In our group analysis, we saw significant activation in S1 bilaterally during clitoral and anal stimulation, both in the inferolateral regions of S1 (Figure 2). No other stimulation regions saw significant activation in S1 (Figure 3). See Table 1 (Figure 3) for all significant clusters in group analysis.
Interpretation of results
This data shows sufficient sensitivity to map functional responses in individual female participants using electrical stimulation of the female clitoris, perineum, anus and areola. In S1, both the medial wall and the dorsolateral region of S1 showed significant activation in participants. These results largely agree with previous results in men. We also found that activation of regions associated with affective sensation shows much larger areas of activation than strictly tactile stimulation regions (e.g. the foot).

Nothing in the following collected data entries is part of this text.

lemma ex_AOA_from_rows:
  fixes X :: "'a set" and Y :: "'b set" and R :: "'r set"
    and col :: "'r \<Rightarrow> nat \<Rightarrow> 'a" and lab :: "'r \<Rightarrow> 'b"
  assumes "1 \<le> s" "s \<le> t" "t \<le> k"
    and "finite X" "card X = v" and "finite Y" "card Y = v ^ (t - s)"
    and "finite R" "card R = v ^ t"
    and col: "\<And>r c. r \<in> R \<Longrightarrow> c < k \<Longrightarrow> col r c \<in> X"
    and lab: "\<And>r. r \<in> R \<Longrightarrow> lab r \<in> Y"
    and OA: "\<And>C f. C \<subseteq> {0..<k} \<Longrightarrow> card C = t \<Longrightarrow> f \<in> C \<rightarrow>\<^sub>E X \<Longrightarrow>
               \<exists>!r. r \<in> R \<and> (\<forall>c\<in>C. col r c = f c)"
    and AOA: "\<And>C f y. C \<subseteq> {0..<k} \<Longrightarrow> card C = s \<Longrightarrow> f \<in> C \<rightarrow>\<^sub>E X \<Longrightarrow> y \<in> Y \<Longrightarrow>
               \<exists>!r. r \<in> R \<and> (\<forall>c\<in>C. col r c = f c) \<and> lab r = y"
  shows "\<exists>(X' :: nat set) (Y' :: nat set) (A :: nat \<Rightarrow> nat \<Rightarrow> nat) (L :: nat \<Rightarrow> nat).
           is_AOA s t k v X' Y' A L"
proof -
  obtain g where g: "bij_betw g {0..<v ^ t} R"
    using ex_bij_betw_nat_finite \<open>finite R\<close> \<open>card R = v ^ t\<close> by metis
  obtain hX where hX: "bij_betw hX X {0..<v}"
    using ex_bij_betw_finite_nat \<open>finite X\<close> \<open>card X = v\<close> by metis
  obtain hY where hY: "bij_betw hY Y {0..<v ^ (t - s)}"
    using ex_bij_betw_finite_nat \<open>finite Y\<close> \<open>card Y = v ^ (t - s)\<close> by metis
  define A where "A i c = hX (col (g i) c)" for i c
  define L where "L i = hY (lab (g i))" for i
  have row: "g i \<in> R" if "i < v ^ t" for i
    using g that by (auto simp: bij_betw_def)
  have col_C: "\<And>r c. r \<in> R \<Longrightarrow> c \<in> C \<Longrightarrow> col r c \<in> X" if "C \<subseteq> {0..<k}" for C
    using col that by auto
  have "is_AOA s t k v {0..<v} {0..<v ^ (t - s)} A L"
    unfolding is_AOA_def is_OA_def
  proof (intro conjI allI impI ballI)
    show "A i c \<in> {0..<v}" if "i < v ^ t" "c < k" for i c
      using hX col[OF row[OF that(1)] that(2)] unfolding A_def bij_betw_def by auto
    show "L i \<in> {0..<v ^ (t - s)}" if "i < v ^ t" for i
      using hY lab[OF row[OF that]] unfolding L_def bij_betw_def by auto
    show "\<exists>!i. i < v ^ t \<and> (\<forall>c\<in>C. A i c = f c)"
      if C: "C \<subseteq> {0..<k} \<and> card C = t" and f: "f \<in> C \<rightarrow>\<^sub>E {0..<v}" for C f
    proof -
      have "\<exists>!i. i < v ^ t \<and> (\<forall>c\<in>C. A i c = f c) \<and> True"
        unfolding A_def using C OA by (intro ex1_index_relabel[OF g hX col_C[of C] f]) simp_all
      then show ?thesis
        by simp
    qed
    show "\<exists>!i. i < v ^ t \<and> (\<forall>c\<in>C. A i c = f c) \<and> L i = y"
      if C: "C \<subseteq> {0..<k} \<and> card C = s" and f: "f \<in> C \<rightarrow>\<^sub>E {0..<v}"
        and y: "y \<in> {0..<v ^ (t - s)}" for C f y
    proof -
      obtain y' where y': "y' \<in> Y" "hY y' = y"
        using hY y by (metis bij_betw_imp_surj_on imageE)
      have "hY (lab r) = y \<longleftrightarrow> lab r = y'" if "r \<in> R" for r
        using bij_betw_imp_inj_on[OF hY] lab[OF that] y' by (auto simp: inj_on_eq_iff)
      then have "\<exists>!r. r \<in> R \<and> (\<forall>c\<in>C. col r c = f' c) \<and> hY (lab r) = y" if "f' \<in> C \<rightarrow>\<^sub>E X" for f'
        using AOA[of C f' y'] C that y'(1) by (simp cong: conj_cong)
      then show ?thesis
        unfolding A_def L_def using C by (intro ex1_index_relabel[OF g hX col_C[of C] f]) simp_all
    qed
  qed (use assms(1-3) in auto)
  then show ?thesis
    by blast
qed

In the insula, we found consistent anterior and posterior activation during stimulation of most urogenital zones. The insula is thought to be a central component in viscerosensory processing. Anterior insula activation is thought to be especially involved in affective sensation, as opposed to the posterior insula, which is mostly thought to process tactile sensation.
These results do not correspond with classical depictions of the human somatosensory homunculus, further suggesting that human genitals, and mostly female genitals, are not located in this homunculus like previously thought.